WORKING DATA -
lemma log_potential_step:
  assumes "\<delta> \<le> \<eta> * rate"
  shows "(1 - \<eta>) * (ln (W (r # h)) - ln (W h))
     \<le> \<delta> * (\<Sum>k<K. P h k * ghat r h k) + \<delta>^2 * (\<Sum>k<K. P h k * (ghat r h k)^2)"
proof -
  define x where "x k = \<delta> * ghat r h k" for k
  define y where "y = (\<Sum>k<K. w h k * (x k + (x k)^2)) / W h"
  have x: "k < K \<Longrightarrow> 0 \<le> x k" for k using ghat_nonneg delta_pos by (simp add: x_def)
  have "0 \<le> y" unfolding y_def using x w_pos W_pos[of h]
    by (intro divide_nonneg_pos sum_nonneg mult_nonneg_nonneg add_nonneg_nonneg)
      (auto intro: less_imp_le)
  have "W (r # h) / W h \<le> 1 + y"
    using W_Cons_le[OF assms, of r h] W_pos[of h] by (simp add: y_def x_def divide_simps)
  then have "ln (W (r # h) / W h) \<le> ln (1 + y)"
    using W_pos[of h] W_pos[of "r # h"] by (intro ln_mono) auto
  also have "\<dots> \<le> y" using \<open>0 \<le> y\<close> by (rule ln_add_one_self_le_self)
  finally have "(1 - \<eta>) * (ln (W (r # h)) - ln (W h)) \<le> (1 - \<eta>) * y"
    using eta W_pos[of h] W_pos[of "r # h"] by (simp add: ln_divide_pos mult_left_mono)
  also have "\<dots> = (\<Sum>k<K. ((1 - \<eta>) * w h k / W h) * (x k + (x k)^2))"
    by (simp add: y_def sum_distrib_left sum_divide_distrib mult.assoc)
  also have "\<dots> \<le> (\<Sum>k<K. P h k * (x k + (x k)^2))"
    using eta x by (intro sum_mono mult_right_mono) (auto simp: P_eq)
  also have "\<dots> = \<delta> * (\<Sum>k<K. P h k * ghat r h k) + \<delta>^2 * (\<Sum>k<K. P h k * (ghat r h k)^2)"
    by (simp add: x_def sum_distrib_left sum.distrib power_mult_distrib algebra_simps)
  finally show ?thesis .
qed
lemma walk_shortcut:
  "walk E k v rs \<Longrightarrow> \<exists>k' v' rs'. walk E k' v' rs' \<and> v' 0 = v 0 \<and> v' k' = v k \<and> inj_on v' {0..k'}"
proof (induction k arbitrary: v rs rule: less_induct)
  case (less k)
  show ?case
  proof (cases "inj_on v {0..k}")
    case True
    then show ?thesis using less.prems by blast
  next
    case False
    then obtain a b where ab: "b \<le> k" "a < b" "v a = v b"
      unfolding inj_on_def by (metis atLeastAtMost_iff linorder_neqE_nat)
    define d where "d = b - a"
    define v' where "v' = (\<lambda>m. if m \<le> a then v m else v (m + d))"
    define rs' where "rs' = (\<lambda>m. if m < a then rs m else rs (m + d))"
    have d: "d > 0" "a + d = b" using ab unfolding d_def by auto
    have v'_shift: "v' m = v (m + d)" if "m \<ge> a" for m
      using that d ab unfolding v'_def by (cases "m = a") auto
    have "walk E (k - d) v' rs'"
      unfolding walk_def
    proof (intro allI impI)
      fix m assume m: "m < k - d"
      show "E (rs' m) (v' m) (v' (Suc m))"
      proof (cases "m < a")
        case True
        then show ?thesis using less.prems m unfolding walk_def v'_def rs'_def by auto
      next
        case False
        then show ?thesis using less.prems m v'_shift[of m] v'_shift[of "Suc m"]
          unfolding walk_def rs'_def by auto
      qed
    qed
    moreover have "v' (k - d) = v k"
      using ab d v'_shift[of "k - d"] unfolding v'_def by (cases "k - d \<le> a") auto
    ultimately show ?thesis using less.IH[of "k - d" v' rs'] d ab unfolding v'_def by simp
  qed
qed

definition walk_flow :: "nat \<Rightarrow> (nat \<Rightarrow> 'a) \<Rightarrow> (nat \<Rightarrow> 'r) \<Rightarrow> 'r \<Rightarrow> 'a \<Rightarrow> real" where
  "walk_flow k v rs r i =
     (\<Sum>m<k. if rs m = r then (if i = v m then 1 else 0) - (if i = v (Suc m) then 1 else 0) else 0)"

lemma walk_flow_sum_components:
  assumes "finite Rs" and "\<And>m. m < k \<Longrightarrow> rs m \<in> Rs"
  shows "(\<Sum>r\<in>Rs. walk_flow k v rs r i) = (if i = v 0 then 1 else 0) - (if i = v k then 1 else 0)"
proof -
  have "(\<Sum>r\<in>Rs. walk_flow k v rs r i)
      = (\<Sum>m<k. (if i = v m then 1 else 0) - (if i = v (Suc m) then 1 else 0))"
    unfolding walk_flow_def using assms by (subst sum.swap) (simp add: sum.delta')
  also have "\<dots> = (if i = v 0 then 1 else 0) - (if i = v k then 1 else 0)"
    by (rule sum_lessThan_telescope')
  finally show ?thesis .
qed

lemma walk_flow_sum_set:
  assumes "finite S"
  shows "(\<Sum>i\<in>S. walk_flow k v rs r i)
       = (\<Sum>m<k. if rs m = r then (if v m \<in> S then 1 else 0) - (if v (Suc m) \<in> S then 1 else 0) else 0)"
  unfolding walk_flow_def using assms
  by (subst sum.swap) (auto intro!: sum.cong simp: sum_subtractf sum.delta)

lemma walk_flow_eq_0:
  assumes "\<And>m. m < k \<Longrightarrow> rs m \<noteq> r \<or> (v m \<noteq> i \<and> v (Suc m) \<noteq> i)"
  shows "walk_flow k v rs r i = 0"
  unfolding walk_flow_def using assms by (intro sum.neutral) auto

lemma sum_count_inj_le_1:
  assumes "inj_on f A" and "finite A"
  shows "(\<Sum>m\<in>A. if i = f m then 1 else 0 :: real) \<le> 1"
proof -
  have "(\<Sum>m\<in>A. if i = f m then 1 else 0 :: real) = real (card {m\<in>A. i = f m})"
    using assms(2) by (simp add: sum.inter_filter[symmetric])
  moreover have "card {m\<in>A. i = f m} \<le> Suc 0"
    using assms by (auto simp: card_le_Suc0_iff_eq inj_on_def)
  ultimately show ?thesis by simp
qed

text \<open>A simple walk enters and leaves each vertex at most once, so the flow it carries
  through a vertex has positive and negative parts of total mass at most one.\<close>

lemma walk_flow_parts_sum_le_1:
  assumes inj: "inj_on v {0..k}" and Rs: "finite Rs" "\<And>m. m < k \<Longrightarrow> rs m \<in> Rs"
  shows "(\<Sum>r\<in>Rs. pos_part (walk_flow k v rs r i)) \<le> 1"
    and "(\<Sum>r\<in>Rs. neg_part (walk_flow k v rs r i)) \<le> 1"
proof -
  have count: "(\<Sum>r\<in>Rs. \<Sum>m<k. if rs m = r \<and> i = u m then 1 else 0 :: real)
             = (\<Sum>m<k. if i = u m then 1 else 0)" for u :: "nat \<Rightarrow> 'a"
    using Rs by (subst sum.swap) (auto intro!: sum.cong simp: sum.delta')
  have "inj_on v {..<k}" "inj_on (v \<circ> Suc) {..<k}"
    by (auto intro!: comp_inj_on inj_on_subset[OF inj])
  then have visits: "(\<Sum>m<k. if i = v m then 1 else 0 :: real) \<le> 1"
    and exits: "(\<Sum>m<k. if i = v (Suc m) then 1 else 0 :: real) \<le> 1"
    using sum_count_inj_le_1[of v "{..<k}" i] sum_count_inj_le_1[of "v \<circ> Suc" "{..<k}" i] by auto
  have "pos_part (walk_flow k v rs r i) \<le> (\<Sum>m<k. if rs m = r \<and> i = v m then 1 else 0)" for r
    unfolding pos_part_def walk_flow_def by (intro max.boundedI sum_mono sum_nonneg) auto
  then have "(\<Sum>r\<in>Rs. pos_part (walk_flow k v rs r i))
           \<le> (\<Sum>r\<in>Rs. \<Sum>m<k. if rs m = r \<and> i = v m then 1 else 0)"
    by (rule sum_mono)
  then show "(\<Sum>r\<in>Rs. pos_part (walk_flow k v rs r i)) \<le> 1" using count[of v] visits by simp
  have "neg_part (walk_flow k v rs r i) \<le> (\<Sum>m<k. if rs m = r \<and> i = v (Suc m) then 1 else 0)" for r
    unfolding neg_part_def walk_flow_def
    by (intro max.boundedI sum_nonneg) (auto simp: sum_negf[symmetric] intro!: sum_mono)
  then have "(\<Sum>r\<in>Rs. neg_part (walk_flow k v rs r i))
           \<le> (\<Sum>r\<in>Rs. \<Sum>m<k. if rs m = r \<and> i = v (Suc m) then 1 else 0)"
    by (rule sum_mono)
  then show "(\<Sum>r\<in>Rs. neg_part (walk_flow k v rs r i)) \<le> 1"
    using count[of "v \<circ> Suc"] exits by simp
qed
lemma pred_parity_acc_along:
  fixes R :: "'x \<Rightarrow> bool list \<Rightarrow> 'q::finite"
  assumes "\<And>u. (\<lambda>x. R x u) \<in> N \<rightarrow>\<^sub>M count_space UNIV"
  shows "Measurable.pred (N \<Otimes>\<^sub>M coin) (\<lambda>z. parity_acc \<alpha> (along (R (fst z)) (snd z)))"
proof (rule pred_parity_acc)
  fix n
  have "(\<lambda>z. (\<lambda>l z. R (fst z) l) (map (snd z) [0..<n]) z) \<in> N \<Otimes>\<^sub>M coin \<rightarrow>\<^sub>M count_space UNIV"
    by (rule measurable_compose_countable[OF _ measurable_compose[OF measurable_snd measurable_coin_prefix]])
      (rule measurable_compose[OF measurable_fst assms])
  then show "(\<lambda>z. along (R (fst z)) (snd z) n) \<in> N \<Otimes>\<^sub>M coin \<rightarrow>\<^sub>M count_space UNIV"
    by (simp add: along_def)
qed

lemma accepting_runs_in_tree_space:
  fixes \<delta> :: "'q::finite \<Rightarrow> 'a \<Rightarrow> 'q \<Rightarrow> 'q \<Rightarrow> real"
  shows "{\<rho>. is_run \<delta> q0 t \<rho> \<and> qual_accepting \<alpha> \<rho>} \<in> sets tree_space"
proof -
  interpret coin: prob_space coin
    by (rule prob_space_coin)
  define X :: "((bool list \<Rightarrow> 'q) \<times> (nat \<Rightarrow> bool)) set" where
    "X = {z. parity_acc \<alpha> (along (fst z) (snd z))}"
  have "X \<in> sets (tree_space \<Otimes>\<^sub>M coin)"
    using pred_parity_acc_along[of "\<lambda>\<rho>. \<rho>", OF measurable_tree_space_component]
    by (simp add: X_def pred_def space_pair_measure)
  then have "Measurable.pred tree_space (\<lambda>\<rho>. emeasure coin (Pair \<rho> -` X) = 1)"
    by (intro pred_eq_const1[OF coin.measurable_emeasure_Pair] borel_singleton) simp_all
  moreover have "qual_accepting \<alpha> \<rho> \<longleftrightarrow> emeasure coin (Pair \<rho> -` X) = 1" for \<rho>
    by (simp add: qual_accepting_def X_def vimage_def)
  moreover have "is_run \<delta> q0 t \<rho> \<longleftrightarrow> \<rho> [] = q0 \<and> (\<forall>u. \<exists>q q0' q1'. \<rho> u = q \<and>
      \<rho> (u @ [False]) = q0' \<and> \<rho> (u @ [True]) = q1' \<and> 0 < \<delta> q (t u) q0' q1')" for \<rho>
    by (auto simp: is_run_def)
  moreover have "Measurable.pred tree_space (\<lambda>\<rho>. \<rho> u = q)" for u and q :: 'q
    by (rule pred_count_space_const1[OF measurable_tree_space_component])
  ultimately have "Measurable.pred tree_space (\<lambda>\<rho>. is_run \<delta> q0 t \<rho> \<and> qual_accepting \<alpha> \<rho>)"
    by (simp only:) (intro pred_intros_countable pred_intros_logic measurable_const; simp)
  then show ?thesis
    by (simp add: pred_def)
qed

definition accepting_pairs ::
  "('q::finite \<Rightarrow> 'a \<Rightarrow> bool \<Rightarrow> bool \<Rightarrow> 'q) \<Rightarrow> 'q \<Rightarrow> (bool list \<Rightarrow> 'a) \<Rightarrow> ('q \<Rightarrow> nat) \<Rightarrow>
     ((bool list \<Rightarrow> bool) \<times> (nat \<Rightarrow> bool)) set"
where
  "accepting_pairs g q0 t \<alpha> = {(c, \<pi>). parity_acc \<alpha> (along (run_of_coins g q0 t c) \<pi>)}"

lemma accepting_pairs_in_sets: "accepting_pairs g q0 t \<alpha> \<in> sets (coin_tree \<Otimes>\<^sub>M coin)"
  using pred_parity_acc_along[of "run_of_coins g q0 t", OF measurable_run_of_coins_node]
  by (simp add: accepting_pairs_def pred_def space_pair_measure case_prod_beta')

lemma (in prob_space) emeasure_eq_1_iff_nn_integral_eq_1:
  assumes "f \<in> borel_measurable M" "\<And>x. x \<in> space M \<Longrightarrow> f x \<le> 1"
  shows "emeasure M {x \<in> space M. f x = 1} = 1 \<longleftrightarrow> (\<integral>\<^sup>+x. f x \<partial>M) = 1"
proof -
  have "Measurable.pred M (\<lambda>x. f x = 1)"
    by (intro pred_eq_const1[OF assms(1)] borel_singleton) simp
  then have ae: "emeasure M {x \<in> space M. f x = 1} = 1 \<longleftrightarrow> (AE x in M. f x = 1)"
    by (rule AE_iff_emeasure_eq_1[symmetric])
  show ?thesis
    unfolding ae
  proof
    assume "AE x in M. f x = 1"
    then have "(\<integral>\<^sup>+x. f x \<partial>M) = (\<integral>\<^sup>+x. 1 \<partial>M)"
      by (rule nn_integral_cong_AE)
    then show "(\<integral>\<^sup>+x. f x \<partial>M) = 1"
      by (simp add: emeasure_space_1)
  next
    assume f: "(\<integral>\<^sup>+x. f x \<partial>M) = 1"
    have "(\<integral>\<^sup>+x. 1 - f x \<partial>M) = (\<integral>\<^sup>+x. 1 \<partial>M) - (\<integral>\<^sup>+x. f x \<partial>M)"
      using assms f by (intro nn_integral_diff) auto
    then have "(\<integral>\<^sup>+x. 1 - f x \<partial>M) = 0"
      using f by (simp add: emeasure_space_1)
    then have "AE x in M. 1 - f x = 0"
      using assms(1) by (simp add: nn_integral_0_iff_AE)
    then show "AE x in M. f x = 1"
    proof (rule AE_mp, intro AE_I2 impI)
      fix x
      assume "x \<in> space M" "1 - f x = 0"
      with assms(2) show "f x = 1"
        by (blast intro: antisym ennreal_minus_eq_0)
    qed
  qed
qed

REQUIRED ACTION -
Lines before the one containing "space M \<Longrightarrow>" are not wanted; please set down that line and every line after it through the end of the material, exactly.

EXERCISE ANSWER -
  assumes "f \<in> borel_measurable M" "\<And>x. x \<in> space M \<Longrightarrow> f x \<le> 1"
  shows "emeasure M {x \<in> space M. f x = 1} = 1 \<longleftrightarrow> (\<integral>\<^sup>+x. f x \<partial>M) = 1"
proof -
  have "Measurable.pred M (\<lambda>x. f x = 1)"
    by (intro pred_eq_const1[OF assms(1)] borel_singleton) simp
  then have ae: "emeasure M {x \<in> space M. f x = 1} = 1 \<longleftrightarrow> (AE x in M. f x = 1)"
    by (rule AE_iff_emeasure_eq_1[symmetric])
  show ?thesis
    unfolding ae
  proof
    assume "AE x in M. f x = 1"
    then have "(\<integral>\<^sup>+x. f x \<partial>M) = (\<integral>\<^sup>+x. 1 \<partial>M)"
      by (rule nn_integral_cong_AE)
    then show "(\<integral>\<^sup>+x. f x \<partial>M) = 1"
      by (simp add: emeasure_space_1)
  next
    assume f: "(\<integral>\<^sup>+x. f x \<partial>M) = 1"
    have "(\<integral>\<^sup>+x. 1 - f x \<partial>M) = (\<integral>\<^sup>+x. 1 \<partial>M) - (\<integral>\<^sup>+x. f x \<partial>M)"
      using assms f by (intro nn_integral_diff) auto
    then have "(\<integral>\<^sup>+x. 1 - f x \<partial>M) = 0"
      using f by (simp add: emeasure_space_1)
    then have "AE x in M. 1 - f x = 0"
      using assms(1) by (simp add: nn_integral_0_iff_AE)
    then show "AE x in M. f x = 1"
    proof (rule AE_mp, intro AE_I2 impI)
      fix x
      assume "x \<in> space M" "1 - f x = 0"
      with assms(2) show "f x = 1"
        by (blast intro: antisym ennreal_minus_eq_0)
    qed
  qed
qed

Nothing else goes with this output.